## Problem details
Repeat the lines below exactly as written, please, from the line with "- B) \<union>" to the line with "norm l \<le> 2", both lines included, and no others.

========

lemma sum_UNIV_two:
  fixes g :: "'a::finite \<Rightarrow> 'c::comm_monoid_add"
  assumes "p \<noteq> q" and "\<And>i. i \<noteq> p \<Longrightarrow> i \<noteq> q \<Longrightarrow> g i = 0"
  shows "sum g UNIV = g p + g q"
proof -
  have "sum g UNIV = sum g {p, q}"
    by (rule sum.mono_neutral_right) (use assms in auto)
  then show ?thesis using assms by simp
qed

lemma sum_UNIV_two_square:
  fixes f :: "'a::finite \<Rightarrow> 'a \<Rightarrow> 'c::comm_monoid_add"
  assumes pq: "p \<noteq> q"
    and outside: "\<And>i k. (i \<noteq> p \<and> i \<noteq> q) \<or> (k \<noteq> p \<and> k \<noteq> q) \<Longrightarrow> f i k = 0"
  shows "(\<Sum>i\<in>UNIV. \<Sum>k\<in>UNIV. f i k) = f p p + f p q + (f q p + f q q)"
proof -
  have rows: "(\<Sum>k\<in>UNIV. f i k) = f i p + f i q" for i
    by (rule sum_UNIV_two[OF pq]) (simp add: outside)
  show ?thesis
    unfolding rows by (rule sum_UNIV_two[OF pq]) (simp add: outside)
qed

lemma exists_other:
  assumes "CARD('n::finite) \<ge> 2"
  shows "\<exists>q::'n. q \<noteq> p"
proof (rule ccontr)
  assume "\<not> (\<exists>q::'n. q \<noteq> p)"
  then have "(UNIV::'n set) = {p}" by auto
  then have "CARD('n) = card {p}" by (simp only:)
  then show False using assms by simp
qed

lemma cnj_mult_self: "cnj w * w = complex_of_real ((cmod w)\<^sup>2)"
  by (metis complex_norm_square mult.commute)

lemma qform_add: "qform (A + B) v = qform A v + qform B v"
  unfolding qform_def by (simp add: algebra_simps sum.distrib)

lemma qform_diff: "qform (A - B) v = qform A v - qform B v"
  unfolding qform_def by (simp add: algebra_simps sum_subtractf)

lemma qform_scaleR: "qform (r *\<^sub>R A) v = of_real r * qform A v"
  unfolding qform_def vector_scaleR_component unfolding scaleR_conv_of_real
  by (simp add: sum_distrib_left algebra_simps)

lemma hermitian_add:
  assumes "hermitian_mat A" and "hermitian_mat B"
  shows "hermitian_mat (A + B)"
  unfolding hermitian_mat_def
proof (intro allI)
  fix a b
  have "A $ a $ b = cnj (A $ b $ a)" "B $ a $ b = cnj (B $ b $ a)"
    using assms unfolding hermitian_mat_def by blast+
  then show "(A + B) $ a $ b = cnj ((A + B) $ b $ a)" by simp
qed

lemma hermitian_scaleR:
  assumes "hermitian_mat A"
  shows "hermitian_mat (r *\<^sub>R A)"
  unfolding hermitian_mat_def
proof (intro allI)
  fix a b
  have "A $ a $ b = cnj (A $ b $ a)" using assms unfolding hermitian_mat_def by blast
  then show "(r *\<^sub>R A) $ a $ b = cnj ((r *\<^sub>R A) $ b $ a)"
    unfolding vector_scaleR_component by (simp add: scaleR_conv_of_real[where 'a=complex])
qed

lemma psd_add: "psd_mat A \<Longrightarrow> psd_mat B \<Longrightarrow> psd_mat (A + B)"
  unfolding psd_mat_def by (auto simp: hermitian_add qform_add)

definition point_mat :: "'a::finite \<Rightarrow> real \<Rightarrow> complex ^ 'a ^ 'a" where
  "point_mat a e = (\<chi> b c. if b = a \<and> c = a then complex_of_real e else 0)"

========

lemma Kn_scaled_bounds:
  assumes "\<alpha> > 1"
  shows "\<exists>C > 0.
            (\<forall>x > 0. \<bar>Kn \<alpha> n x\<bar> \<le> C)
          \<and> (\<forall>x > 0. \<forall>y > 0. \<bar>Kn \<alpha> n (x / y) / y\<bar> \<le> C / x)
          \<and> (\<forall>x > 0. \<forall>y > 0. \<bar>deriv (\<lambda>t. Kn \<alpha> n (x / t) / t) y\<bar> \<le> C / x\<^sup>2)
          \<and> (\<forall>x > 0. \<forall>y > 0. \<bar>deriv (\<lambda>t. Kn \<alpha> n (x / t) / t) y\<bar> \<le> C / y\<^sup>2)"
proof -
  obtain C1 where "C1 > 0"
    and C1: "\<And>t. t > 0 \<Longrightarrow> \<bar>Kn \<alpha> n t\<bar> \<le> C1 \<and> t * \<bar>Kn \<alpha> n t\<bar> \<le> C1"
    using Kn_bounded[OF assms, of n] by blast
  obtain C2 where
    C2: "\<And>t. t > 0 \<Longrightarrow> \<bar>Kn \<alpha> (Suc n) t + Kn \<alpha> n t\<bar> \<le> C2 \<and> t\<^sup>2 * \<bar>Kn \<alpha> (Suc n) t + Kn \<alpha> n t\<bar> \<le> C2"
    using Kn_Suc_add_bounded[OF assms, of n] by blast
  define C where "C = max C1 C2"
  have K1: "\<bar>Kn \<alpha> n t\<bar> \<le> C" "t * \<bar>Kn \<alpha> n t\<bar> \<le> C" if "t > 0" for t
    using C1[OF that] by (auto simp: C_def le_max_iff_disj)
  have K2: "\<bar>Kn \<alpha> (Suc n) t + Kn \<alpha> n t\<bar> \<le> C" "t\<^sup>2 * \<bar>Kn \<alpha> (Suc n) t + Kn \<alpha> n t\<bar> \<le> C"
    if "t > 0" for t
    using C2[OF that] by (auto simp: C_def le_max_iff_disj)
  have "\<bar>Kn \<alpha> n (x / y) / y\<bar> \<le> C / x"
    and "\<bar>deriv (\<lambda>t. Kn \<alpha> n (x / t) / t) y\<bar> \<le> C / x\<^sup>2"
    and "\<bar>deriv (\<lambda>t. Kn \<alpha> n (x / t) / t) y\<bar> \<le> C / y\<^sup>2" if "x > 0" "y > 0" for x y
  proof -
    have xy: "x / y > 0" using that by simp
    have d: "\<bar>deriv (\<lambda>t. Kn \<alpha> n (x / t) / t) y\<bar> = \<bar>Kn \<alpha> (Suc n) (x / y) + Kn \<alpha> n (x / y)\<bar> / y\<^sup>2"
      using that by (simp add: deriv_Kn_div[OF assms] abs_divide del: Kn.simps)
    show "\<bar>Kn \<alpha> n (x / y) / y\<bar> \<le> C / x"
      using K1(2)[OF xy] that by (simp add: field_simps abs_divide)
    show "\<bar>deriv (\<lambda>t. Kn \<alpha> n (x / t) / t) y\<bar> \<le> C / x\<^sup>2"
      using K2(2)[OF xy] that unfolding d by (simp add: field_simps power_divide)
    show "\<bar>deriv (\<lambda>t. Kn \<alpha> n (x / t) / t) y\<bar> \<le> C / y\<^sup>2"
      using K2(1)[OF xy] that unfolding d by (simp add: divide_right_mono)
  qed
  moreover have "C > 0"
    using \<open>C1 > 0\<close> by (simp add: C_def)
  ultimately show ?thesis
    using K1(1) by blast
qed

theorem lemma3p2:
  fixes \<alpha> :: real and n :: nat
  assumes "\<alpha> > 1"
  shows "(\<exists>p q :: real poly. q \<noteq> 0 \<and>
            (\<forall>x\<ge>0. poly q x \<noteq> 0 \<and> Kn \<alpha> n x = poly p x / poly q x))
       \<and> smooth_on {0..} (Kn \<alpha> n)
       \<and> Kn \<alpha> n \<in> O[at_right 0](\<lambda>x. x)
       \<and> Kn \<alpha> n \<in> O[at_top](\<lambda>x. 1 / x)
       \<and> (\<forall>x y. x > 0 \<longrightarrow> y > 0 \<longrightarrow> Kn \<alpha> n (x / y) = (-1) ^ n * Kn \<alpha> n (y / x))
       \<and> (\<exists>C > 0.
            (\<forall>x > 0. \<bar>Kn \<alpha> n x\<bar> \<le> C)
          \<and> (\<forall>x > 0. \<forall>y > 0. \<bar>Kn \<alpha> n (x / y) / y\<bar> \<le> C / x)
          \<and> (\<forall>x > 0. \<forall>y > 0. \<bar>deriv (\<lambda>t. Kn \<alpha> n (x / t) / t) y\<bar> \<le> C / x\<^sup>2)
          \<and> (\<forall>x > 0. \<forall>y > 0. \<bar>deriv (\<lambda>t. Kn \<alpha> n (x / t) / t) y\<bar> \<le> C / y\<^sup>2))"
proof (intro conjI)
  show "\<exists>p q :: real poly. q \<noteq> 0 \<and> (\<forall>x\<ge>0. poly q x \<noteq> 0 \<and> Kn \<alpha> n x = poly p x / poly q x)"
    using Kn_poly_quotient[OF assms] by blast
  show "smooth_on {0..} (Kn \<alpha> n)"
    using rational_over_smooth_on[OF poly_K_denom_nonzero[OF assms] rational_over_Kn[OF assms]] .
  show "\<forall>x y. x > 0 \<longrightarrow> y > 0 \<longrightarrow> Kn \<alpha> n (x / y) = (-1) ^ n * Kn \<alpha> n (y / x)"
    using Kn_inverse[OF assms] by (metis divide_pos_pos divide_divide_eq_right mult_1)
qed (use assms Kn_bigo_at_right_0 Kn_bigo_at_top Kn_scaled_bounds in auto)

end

========

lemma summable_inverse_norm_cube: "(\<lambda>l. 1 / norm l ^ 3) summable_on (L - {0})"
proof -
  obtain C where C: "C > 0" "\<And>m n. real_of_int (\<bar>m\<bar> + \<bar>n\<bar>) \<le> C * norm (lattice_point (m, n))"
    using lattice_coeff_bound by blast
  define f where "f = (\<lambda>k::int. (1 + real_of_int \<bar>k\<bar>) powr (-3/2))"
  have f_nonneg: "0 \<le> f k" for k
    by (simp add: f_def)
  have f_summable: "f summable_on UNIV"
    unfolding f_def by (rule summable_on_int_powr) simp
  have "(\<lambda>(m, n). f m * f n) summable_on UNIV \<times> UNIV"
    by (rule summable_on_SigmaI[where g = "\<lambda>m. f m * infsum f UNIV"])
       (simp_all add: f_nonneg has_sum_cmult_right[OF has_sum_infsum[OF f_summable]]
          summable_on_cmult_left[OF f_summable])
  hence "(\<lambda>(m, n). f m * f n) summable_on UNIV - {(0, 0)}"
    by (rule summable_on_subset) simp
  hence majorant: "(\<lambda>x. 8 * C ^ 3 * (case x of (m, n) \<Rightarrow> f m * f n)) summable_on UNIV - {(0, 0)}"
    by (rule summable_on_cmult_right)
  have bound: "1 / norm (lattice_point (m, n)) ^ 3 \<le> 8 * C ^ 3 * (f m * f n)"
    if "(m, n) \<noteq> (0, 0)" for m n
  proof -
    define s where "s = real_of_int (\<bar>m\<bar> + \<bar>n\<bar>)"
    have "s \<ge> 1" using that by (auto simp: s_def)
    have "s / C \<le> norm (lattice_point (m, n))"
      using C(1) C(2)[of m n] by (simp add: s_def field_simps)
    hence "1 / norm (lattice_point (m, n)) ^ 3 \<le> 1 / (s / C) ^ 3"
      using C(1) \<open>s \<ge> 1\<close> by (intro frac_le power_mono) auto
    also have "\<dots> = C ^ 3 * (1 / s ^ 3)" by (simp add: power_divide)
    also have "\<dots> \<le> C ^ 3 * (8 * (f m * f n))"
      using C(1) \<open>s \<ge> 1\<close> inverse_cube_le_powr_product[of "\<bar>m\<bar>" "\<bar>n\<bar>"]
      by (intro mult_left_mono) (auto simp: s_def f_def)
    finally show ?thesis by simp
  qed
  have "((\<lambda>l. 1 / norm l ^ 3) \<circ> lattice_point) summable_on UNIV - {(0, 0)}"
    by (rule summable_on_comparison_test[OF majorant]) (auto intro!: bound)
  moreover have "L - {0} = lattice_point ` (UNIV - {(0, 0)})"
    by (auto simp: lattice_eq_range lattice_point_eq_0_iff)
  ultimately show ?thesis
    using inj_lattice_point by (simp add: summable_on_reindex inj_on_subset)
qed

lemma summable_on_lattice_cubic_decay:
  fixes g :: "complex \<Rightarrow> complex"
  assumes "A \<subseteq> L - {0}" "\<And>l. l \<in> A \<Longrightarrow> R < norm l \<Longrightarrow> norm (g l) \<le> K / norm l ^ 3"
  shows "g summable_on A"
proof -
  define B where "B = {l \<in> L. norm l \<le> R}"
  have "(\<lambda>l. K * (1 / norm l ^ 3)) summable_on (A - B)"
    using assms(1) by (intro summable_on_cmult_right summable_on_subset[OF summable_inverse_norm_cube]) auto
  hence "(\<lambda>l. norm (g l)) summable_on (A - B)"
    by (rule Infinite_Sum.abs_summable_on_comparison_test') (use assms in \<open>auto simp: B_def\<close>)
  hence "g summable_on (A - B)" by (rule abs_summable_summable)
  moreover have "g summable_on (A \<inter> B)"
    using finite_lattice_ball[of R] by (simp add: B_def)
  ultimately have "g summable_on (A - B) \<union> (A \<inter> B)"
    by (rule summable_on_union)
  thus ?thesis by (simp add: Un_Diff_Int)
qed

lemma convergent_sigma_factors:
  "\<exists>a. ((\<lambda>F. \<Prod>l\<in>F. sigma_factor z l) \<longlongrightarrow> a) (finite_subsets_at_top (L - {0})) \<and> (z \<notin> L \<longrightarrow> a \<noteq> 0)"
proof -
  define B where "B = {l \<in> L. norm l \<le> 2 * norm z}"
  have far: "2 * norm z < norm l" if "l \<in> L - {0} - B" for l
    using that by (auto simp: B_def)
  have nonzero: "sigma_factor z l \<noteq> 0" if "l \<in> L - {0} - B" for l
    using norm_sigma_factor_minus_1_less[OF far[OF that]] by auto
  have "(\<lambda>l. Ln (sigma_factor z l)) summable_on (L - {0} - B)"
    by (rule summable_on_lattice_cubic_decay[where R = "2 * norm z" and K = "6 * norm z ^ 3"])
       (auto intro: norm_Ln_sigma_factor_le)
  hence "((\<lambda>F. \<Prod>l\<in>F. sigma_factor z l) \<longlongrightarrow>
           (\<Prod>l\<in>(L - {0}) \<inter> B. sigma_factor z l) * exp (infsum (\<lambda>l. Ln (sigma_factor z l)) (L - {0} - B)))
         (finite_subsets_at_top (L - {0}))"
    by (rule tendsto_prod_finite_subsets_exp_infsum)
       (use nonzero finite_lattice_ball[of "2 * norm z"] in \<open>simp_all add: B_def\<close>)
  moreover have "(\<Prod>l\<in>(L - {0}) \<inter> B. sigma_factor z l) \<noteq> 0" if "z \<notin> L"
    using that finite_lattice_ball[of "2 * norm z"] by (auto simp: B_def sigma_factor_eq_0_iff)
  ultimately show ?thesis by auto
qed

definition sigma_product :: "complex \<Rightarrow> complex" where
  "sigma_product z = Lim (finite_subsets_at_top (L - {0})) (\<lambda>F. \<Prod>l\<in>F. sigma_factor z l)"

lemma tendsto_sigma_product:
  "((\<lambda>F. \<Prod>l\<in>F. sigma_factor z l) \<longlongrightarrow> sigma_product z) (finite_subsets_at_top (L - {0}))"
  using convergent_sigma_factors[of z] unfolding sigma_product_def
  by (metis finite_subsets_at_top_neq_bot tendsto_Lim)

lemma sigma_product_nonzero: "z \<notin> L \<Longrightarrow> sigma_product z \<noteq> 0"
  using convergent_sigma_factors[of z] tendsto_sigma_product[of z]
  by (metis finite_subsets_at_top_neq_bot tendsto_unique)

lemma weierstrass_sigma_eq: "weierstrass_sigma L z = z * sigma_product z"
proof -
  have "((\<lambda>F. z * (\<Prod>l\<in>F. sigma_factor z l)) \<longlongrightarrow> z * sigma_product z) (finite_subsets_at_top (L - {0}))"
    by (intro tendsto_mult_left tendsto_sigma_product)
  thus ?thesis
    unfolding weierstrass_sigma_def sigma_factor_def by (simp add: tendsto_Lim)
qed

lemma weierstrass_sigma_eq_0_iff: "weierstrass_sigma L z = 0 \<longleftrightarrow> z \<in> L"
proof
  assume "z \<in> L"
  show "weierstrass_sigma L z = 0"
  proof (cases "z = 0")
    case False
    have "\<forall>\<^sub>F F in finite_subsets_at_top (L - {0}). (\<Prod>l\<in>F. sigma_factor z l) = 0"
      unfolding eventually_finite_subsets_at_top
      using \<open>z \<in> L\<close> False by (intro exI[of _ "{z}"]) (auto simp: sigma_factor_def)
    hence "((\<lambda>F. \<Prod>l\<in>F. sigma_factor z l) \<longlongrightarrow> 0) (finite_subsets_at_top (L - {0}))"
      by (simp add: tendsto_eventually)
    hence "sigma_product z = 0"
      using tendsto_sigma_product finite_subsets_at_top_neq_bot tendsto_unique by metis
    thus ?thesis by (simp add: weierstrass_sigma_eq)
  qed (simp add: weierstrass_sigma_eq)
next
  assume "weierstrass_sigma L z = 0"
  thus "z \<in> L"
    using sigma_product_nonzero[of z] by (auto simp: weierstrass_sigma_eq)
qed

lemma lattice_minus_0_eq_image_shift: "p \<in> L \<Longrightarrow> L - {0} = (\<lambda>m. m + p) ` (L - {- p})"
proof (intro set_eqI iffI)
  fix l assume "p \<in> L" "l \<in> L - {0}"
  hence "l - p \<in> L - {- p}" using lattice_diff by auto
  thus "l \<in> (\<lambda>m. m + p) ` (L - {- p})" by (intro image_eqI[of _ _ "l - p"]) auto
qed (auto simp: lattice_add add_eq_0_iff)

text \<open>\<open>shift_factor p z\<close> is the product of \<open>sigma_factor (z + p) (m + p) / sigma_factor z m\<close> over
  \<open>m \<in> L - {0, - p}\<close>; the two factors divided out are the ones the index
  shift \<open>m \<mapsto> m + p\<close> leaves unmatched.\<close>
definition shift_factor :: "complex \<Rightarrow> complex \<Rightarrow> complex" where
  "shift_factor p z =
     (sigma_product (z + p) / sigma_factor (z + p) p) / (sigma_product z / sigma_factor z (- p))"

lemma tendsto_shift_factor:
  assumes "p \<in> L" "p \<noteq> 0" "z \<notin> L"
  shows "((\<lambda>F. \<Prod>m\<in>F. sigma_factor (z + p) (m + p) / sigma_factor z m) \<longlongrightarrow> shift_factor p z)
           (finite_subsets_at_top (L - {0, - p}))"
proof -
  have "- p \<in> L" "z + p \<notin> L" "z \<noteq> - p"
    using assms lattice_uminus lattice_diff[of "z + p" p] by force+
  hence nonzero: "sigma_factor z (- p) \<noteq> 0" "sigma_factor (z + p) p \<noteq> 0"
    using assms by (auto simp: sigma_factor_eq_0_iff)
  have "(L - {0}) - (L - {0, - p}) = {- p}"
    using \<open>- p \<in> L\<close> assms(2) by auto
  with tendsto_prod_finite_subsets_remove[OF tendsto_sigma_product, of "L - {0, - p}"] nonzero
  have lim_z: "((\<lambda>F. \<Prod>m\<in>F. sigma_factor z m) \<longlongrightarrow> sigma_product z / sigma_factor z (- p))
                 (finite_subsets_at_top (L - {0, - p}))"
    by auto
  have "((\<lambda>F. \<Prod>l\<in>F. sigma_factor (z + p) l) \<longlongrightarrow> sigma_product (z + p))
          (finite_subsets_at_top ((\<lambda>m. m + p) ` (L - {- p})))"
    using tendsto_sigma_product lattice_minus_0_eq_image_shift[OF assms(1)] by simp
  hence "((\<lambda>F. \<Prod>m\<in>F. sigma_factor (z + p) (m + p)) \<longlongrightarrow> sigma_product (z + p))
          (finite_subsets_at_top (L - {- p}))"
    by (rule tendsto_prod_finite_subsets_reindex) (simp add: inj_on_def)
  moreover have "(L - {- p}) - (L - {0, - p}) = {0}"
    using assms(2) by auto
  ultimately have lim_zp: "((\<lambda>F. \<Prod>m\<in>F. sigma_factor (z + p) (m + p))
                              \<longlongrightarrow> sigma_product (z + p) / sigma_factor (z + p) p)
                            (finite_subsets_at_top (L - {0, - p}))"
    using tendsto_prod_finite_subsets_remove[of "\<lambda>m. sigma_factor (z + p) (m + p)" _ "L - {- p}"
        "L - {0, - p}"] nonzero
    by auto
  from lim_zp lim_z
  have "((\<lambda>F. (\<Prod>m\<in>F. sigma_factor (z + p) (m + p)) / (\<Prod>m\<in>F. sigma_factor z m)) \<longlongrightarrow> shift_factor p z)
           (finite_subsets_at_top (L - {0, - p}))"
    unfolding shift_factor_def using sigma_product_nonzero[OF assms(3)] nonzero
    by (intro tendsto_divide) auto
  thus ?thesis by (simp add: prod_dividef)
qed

========

## Final answer
  ultimately have "g summable_on (A - B) \<union> (A \<inter> B)"
    by (rule summable_on_union)
  thus ?thesis by (simp add: Un_Diff_Int)
qed

lemma convergent_sigma_factors:
  "\<exists>a. ((\<lambda>F. \<Prod>l\<in>F. sigma_factor z l) \<longlongrightarrow> a) (finite_subsets_at_top (L - {0})) \<and> (z \<notin> L \<longrightarrow> a \<noteq> 0)"
proof -
  define B where "B = {l \<in> L. norm l \<le> 2 * norm z}"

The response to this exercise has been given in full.